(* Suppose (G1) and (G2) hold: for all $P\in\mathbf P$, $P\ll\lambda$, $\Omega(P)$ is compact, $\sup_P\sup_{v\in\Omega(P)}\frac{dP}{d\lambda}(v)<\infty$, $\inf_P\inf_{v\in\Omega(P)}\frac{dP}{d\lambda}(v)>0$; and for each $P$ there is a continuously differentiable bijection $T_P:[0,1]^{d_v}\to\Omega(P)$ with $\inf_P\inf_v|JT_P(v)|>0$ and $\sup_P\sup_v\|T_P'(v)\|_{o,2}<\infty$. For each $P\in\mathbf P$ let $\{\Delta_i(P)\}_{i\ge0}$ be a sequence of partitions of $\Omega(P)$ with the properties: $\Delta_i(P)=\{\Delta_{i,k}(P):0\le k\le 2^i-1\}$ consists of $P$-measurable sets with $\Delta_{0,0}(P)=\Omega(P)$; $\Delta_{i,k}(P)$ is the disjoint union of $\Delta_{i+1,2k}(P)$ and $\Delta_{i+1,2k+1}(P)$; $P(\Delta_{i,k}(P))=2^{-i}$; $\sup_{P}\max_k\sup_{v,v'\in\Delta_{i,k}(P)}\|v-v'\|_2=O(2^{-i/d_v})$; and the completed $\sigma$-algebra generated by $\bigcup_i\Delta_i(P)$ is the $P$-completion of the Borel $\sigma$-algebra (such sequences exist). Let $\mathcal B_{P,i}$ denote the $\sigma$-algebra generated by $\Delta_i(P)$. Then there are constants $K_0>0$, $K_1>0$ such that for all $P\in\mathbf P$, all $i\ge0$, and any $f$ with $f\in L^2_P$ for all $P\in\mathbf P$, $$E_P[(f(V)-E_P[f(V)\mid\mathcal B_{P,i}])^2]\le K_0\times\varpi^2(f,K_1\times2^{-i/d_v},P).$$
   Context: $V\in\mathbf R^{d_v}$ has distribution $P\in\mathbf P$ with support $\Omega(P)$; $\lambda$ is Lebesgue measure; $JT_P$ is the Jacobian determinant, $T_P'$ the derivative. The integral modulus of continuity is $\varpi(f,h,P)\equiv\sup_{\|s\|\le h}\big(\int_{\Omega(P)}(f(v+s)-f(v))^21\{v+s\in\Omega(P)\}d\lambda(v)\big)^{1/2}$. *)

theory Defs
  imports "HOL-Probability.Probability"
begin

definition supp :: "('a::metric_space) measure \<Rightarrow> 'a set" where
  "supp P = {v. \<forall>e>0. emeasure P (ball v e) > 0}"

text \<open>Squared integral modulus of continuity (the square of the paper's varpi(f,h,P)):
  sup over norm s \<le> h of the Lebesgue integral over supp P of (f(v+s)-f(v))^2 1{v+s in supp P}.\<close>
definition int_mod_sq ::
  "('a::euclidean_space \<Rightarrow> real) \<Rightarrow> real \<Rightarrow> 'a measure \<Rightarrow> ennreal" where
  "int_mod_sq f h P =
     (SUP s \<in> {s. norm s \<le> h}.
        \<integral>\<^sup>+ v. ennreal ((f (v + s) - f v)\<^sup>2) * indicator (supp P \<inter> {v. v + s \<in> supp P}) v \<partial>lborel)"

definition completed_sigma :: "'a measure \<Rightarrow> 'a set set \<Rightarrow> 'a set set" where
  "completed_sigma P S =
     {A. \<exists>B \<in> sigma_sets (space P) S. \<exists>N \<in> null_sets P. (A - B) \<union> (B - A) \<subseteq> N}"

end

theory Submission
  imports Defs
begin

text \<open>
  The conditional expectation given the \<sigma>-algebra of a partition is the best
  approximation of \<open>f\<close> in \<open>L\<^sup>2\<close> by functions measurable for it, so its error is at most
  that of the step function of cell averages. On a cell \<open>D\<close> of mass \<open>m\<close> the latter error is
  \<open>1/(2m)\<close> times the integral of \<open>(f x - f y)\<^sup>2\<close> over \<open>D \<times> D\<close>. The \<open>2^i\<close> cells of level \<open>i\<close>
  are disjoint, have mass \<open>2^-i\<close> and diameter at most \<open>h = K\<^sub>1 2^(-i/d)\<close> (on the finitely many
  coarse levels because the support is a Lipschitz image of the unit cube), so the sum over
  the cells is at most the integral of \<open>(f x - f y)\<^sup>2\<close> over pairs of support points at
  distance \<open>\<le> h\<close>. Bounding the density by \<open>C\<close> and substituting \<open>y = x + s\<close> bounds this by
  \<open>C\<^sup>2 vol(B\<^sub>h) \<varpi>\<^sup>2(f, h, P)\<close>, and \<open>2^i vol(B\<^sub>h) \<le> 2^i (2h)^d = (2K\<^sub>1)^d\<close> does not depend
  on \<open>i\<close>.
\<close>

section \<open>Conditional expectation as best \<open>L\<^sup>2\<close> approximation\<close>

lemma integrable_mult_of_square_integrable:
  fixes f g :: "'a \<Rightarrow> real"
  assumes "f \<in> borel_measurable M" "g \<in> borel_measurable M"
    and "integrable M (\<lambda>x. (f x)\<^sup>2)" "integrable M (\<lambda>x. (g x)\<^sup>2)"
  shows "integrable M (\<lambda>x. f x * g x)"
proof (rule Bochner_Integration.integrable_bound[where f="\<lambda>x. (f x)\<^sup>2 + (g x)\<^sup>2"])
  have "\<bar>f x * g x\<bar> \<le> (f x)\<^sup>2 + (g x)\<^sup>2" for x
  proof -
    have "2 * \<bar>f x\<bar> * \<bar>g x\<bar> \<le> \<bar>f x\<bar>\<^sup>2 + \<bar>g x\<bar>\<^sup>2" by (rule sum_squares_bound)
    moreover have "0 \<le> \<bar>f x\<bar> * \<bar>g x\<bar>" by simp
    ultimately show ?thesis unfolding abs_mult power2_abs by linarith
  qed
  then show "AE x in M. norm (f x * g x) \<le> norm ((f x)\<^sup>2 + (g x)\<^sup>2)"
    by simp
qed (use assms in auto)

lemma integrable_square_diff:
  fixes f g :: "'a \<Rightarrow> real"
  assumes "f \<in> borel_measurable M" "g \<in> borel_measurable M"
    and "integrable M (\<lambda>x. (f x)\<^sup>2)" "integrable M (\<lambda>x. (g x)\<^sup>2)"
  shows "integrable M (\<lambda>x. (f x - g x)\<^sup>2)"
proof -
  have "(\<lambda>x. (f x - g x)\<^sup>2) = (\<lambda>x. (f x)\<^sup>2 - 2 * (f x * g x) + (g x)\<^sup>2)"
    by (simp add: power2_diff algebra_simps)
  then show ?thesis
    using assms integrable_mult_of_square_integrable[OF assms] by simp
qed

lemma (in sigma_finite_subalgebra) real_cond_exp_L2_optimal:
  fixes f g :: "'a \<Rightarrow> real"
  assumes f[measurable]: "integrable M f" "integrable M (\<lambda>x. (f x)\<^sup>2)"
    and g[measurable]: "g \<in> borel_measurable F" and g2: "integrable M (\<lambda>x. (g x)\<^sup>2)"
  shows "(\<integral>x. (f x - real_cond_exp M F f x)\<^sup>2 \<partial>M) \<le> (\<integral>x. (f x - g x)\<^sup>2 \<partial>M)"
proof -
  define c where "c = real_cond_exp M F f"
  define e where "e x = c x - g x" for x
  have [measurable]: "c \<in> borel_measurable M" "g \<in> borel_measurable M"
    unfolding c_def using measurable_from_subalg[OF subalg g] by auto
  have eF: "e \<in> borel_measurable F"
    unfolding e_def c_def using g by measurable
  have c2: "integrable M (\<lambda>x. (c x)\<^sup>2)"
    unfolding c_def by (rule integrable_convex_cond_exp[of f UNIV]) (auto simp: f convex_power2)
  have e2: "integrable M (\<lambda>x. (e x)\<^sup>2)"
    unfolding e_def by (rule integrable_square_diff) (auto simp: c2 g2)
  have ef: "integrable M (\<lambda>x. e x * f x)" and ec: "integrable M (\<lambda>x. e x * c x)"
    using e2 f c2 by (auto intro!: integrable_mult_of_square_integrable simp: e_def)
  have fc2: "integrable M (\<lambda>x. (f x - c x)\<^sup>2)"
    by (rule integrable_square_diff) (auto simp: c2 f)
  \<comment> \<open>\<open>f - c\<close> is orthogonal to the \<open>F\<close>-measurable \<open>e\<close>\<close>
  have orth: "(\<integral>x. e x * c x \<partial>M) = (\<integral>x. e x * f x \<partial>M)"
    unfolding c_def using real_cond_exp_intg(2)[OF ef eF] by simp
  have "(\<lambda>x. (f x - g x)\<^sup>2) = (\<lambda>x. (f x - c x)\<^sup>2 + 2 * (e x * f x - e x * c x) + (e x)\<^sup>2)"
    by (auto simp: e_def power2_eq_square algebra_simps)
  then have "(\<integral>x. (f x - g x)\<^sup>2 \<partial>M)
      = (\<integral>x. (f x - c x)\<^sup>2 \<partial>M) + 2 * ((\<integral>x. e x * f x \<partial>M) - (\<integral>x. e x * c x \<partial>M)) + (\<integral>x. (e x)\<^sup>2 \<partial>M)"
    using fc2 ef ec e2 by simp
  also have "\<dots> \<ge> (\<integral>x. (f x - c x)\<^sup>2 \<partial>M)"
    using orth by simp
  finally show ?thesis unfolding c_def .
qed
::::
■ TASK TO CARRY OUT
Each line of the entries above that includes the string "cells" should be copied out.

■ RESPONSE TO THIS TASK
  \<open>1/(2m)\<close> times the integral of \<open>(f x - f y)\<^sup>2\<close> over \<open>D \<times> D\<close>. The \<open>2^i\<close> cells of level \<open>i\<close>
  the cells is at most the integral of \<open>(f x - f y)\<^sup>2\<close> over pairs of support points at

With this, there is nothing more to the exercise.